I remember the excitement of creating The Canadian Romantic character ten years ago and launching the videos which I put up on YouTube for everyone to freely watch, I sent out press notices, but the press ignored it. I created this character as a positive force for people, trying to do meaningful and entertaining public service work. Right as I launched the videos a commercial I was hired to be in for some office supply company started airing on television. Filming that commercial was a fun day with everyone and it helped pay me good money to survive and continue to create my own meaningful work for an audience. But people genuinely seemed more excited about seeing me on television for a split second in an office supply commercial than the meaningful work I had just launched. I still haven’t seen the commercial (absurdly enough The Canadian Romantic character was ripped off a few years later for a series of condom commercials, they did a terrible job: if they had just approached me and paid me to do the real thing, well, I really could have used the money…).

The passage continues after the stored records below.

(* Let $\xi$ be a complete holomorphic vector field without zeros on a Stein manifold $X$, and let $\Phi_t$, $t\in\mathbb{C}$, be the time-$t$ maps of its flow. Then for no $t\in\mathbb{C}$ is $\Phi_t$ robustly non-expelling in $\{\Phi_s:s\in\mathbb{C}\}\subset{\operatorname{Aut}}\,X$; equivalently, $\Phi_t$ is expelling for all $t$ in a dense $G_\delta$ subset of $\mathbb{C}$.
   Context: Complete: flow defined for all complex time. An automorphism is expelling if the set of points with relatively compact forward orbit has empty interior. For a submonoid $A$ of ${\operatorname{Aut}}\,X$ (compact-open topology), $f\in A$ is robustly non-expelling in $A$ if there are a neighbourhood $W$ of $f$ in $A$, a nonempty open $V\subset X$ and a compact $K\subset X$ with $g^j(V)\subset K$ for all $g\in W$, $j\geq0$. *)

theory Defs
  imports "HOL-Analysis.Analysis"
begin

definition hol_Cn :: "(complex^'n) set \<Rightarrow> (complex^'n \<Rightarrow> complex^'m) \<Rightarrow> bool" where
  "hol_Cn S f \<longleftrightarrow> open S \<and>
     (\<forall>x\<in>S. \<exists>L. (f has_derivative L) (at x) \<and> (\<forall>v. L (\<i> *s v) = \<i> *s L v))"

definition hol_Cn_scalar :: "(complex^'n) set \<Rightarrow> (complex^'n \<Rightarrow> complex) \<Rightarrow> bool" where
  "hol_Cn_scalar S f \<longleftrightarrow> open S \<and>
     (\<forall>x\<in>S. \<exists>L. (f has_derivative L) (at x) \<and> (\<forall>v. L (\<i> *s v) = \<i> * L v))"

When the Canada 150 propaganda rolled around a couple years ago, like many people I was quite rightly against it and made a rather covert criticism: a funny video of The Canadian Romantic’s version of “Oh Canada.” I called in favours from friends to help, bless them, it was from the unreleased The Canadian Romantic album that no label wanted to release, even though I tried to create the funniest, most listenable album I could for people: it remains unreleased. I called in press favours trying to get this “Oh Canada” video out there on platforms to the people. No one replied. I have been told that these industry people are scared of me. I get this a lot. “They’re scared of you.” But why? Can someone tell me why they are so scared of me? I am just trying my best to create good, unique, meaningful work -positive work- for people and just want to get it out to people. Is there something I don’t know or understand? This is a serious question.
I have so many more anecdotes, endless.